[Work required]
Among the lines below, keep only those from the one containing "by (simp add: cvec_eq_iff reflection_def" through the one containing "w) = reflection", and reproduce them exactly.

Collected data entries
■ ■ ■ ■ ■ ■ ■
lemma norm_cinner_le: "norm (cinner x y) \<le> norm x * norm y"
proof -
  have "norm (cinner x y) \<le> (\<Sum>i\<in>UNIV. norm (x$i) * norm (y$i))"
    unfolding cinner_def by (rule order_trans[OF norm_sum]) (simp add: norm_mult)
  also have "\<dots> \<le> L2_set (\<lambda>i. norm (x$i)) UNIV * L2_set (\<lambda>i. norm (y$i)) UNIV"
    using L2_set_mult_ineq[of "\<lambda>i. norm (x$i)" "\<lambda>i. norm (y$i)" UNIV] by simp
  finally show ?thesis by (simp add: norm_vec_def)
qed

lemma cinner_matrix_vector_mult: "cinner x (M *v y) = cinner (mat_adj M *v x) y"
proof -
  have "cinner x (M *v y) = (\<Sum>i\<in>UNIV. \<Sum>j\<in>UNIV. cnj (x$i) * M$i$j * y$j)"
    unfolding cinner_def matrix_vector_mult_def by (simp add: sum_distrib_left mult_ac)
  also have "\<dots> = (\<Sum>j\<in>UNIV. \<Sum>i\<in>UNIV. cnj (x$i) * M$i$j * y$j)"
    by (rule sum.swap)
  also have "\<dots> = cinner (mat_adj M *v x) y"
    unfolding cinner_def matrix_vector_mult_def mat_adj_def
    by (simp add: sum_distrib_right sum_distrib_left mult_ac)
  finally show ?thesis .
qed

lemma norm_smult_vec: "norm (c *s (x::complex^'k)) = norm c * norm x"
  unfolding norm_vec_def by (simp add: norm_mult L2_set_right_distrib)

lemma norm_axis_1: "norm (axis k (1::complex) :: complex^'k) = 1"
proof -
  have "(norm (axis k (1::complex) :: complex^'k))^2 = 1"
    using cinner_self[of "axis k 1 :: complex^'k"] cinner_axis_left[of k "axis k 1"]
    by (simp flip: of_real_eq_1_iff)
  then show ?thesis by (simp add: power2_eq_1_iff)
qed

lemma matrix_vector_mult_smult: "(A::complex^'k^'l) *v (c *s x) = c *s (A *v x)"
  by (simp add: matrix_vector_mult_def cvec_eq_iff sum_distrib_left mult_ac)

lemma mat_matrix_vector_mult: "(mat c :: complex^'k^'k) *v x = c *s x"
  by (simp add: cvec_eq_iff matrix_vector_mult_def cmat_def if_distrib[of "\<lambda>a. a * _"] if_distrib[of "\<lambda>a. _ * a"] cong: if_cong)

lemma matrix_vector_mult_axis: "((A::complex^'k^'l) *v axis j 1) $ i = A $ i $ j"
  by (simp add: matrix_vector_mult_def axis_def if_distrib[of "(*) _"] cong: if_cong)

lemma diagonal_matrix_vector_mult:
  "diagonal_mat \<Lambda> \<Longrightarrow> ((\<Lambda>::complex^'k^'k) *v y) $ i = \<Lambda>$i$i * y$i"
  unfolding Defs.diagonal_mat_def matrix_vector_mult_def
  by (subst sum.remove[of _ i]) (auto intro!: sum.neutral)

lemma mat_adj_adj [simp]: "mat_adj (mat_adj M) = M"
  unfolding mat_adj_def by (simp add: cvec_eq_iff)

lemma mat_adj_mult: "mat_adj (A ** B) = mat_adj B ** mat_adj A"
  unfolding mat_adj_def matrix_matrix_mult_def by (simp add: cvec_eq_iff mult.commute)

lemma mat_adj_add: "mat_adj (A + B) = mat_adj A + mat_adj B"
  unfolding mat_adj_def by (simp add: cvec_eq_iff)

lemma mat_adj_diff: "mat_adj (A - B) = mat_adj A - mat_adj B"
  unfolding mat_adj_def by (simp add: cvec_eq_iff)

lemma mat_adj_mat: "mat_adj (mat c :: complex^'k^'k) = mat (cnj c)"
  unfolding mat_adj_def by (simp add: cvec_eq_iff cmat_def)

lemma mat_adj_sum: "mat_adj (\<Sum>i\<in>I. f i) = (\<Sum>i\<in>I. mat_adj (f i))"
  by (induction I rule: infinite_finite_induct) (auto simp: mat_adj_add mat_adj_def cvec_eq_iff)

lemma norm_matrix_vector_mult_le: "norm ((M::complex^'k^'l) *v x) \<le> op_norm M * norm x"
  unfolding op_norm_def by (rule onorm) simp

lemma op_norm_nonneg: "0 \<le> op_norm (M::complex^'k^'l)"
  unfolding op_norm_def by (rule onorm_pos_le) simp

lemma unitary_mat_right: "unitary_mat W \<Longrightarrow> W ** mat_adj W = mat 1"
  unfolding unitary_mat_def using matrix_left_right_inverse by blast

lemma unitary_mat_adj: "unitary_mat W \<Longrightarrow> unitary_mat (mat_adj W)"
  unfolding unitary_mat_def by (simp add: unitary_mat_right[unfolded unitary_mat_def])

lemma unitary_mat_mult: "unitary_mat W \<Longrightarrow> unitary_mat Y \<Longrightarrow> unitary_mat (W ** Y)"
  unfolding unitary_mat_def mat_adj_mult by (metis matrix_mul_assoc matrix_mul_lid)

lemma unitary_mat_1: "unitary_mat (mat 1 :: complex^'k^'k)"
  unfolding unitary_mat_def by (simp add: mat_adj_mat)

lemma norm_unitary_mult: assumes "unitary_mat W" shows "norm (W *v x) = norm x"
proof -
  have "cinner (W *v x) (W *v x) = cinner x x"
    by (simp add: cinner_matrix_vector_mult matrix_vector_mul_assoc assms[unfolded unitary_mat_def])
  then have "(norm (W *v x))^2 = (norm x)^2" unfolding cinner_self of_real_eq_iff .
  then show ?thesis by (simp add: power2_eq_iff_nonneg)
qed

section \<open>Householder reflections\<close>

definition reflection :: "complex^'k \<Rightarrow> complex^'k^'k" where
  "reflection w = mat 1 - (\<chi> i j. complex_of_real (2 / (norm w)^2) * w$i * cnj (w$j))"

lemma reflection_apply:
  "reflection w *v x = x - (complex_of_real (2 / (norm w)^2) * cinner w x) *s w"
  by (simp add: cvec_eq_iff reflection_def matrix_vector_mult_diff_rdistrib mat_matrix_vector_mult)
     (simp add: matrix_vector_mult_def cinner_def sum_distrib_left sum_divide_distrib mult_ac)

lemma mat_adj_reflection: "mat_adj (reflection w) = reflection w"
  unfolding reflection_def mat_adj_def by (simp add: cvec_eq_iff cmat_def mult_ac)

lemma reflection_involutive: "reflection w ** reflection w = mat 1"
proof (rule matrix_eq[THEN iffD2], intro allI)
  fix x
  define c where "c = complex_of_real (2 / (norm w)^2)"
  have apply_c: "reflection w *v y = y - (c * cinner w y) *s w" for y
    unfolding c_def by (rule reflection_apply)
  have "cinner w (reflection w *v x) = - cinner w x"
  proof (cases "w = 0")
    case True
    then show ?thesis by (simp add: cinner_def)
  next
    case False
    then have "c * cinner w w = 2" by (simp add: c_def cinner_self flip: of_real_mult)
    then show ?thesis
      unfolding apply_c cinner_diff_right cinner_smult_right by (simp add: algebra_simps)
  qed
  then show "(reflection w ** reflection w) *v x = mat 1 *v x"
    by (simp add: matrix_vector_mul_assoc[symmetric] apply_c[of "reflection w *v x"])
       (simp add: apply_c)
qed

lemma unitary_reflection: "unitary_mat (reflection w)"
  unfolding unitary_mat_def mat_adj_reflection reflection_involutive ..

lemma reflection_orthogonal: "cinner w v = 0 \<Longrightarrow> reflection w *v v = v"
  by (simp add: reflection_apply)

lemma reflection_swap:
  assumes "norm a = norm b" and "cinner a b = cinner b a"
  shows "reflection (a - b) *v a = b"
proof (cases "a = b")
  case True
  then show ?thesis by (simp add: reflection_apply)
next
  case False
  have "cinner a a = cinner b b" using assms(1) by (simp add: cinner_self)
  then have "cinner (a - b) (a - b) = 2 * (cinner a a - cinner b a)"
    using assms(2) by (simp add: cinner_diff_left cinner_diff_right)
  then have "complex_of_real ((norm (a - b))^2) = 2 * (cinner a a - cinner b a)"
    by (simp only: cinner_self)
  moreover have "(norm (a - b))^2 \<noteq> 0" using False by simp
  ultimately have "complex_of_real (2 / (norm (a - b))^2) * cinner (a - b) a = 1"
    by (simp add: cinner_diff_left field_simps)
  then show ?thesis by (simp add: reflection_apply)
qed

lemma householder_reflection:
  fixes u :: "complex^'k"
  assumes "k \<in> R" and "u \<noteq> 0" and u_R: "\<forall>i. i \<notin> R \<longrightarrow> u$i = 0"
  obtains Y \<alpha> where "unitary_mat Y" "mat_adj Y = Y" "\<alpha> \<noteq> 0" "Y *v axis k 1 = \<alpha> *s u"
    "\<forall>v. (\<forall>i\<in>R. v$i = 0) \<longrightarrow> Y *v v = v"
proof -
  define a where "a = (if u$k = 0 then 1 else cnj (u$k) / complex_of_real (cmod (u$k)))"
  define \<alpha> where "\<alpha> = a / complex_of_real (norm u)"
  define b where "b = \<alpha> *s u"
  have "norm a = 1" by (auto simp: a_def norm_divide)
  then have "norm b = 1" and "\<alpha> \<noteq> 0"
    using \<open>u \<noteq> 0\<close> by (auto simp: b_def \<alpha>_def norm_smult_vec norm_divide)
  text \<open>The phase \<open>a\<close> makes \<open>b$k\<close> real, as \<open>reflection_swap\<close> requires.\<close>
  have "cnj (b$k) = b$k"
  proof (cases "u$k = 0")
    case False
    then have "b$k = complex_of_real (cmod (u$k) / norm u)"
      by (simp add: b_def \<alpha>_def a_def complex_norm_square[symmetric] power2_eq_square
          mult.commute[of "cnj _"])
    then show ?thesis by simp
  qed (simp add: b_def)
  then have swap: "reflection (axis k 1 - b) *v axis k 1 = b"
    by (intro reflection_swap) (simp_all add: norm_axis_1 \<open>norm b = 1\<close> cinner_axis_left cinner_axis_right)
  have fix_R: "reflection (axis k 1 - b) *v v = v" if "\<forall>i\<in>R. v$i = 0" for v
  proof (rule reflection_orthogonal)
    have "cnj ((axis k 1 - b)$i) * v$i = 0" for i
      using that u_R \<open>k \<in> R\<close> by (cases "i \<in> R") (auto simp: b_def axis_def)
    then show "cinner (axis k 1 - b) v = 0" by (simp add: cinner_def)
  qed
  show ?thesis
    by (rule that[OF unitary_reflection mat_adj_reflection \<open>\<alpha> \<noteq> 0\<close>])
       (use swap fix_R in \<open>auto simp: b_def\<close>)
qed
■ ■ ■ ■ ■ ■ ■
[Task output]
  by (simp add: cvec_eq_iff reflection_def matrix_vector_mult_diff_rdistrib mat_matrix_vector_mult)
     (simp add: matrix_vector_mult_def cinner_def sum_distrib_left sum_divide_distrib mult_ac)

lemma mat_adj_reflection: "mat_adj (reflection w) = reflection w"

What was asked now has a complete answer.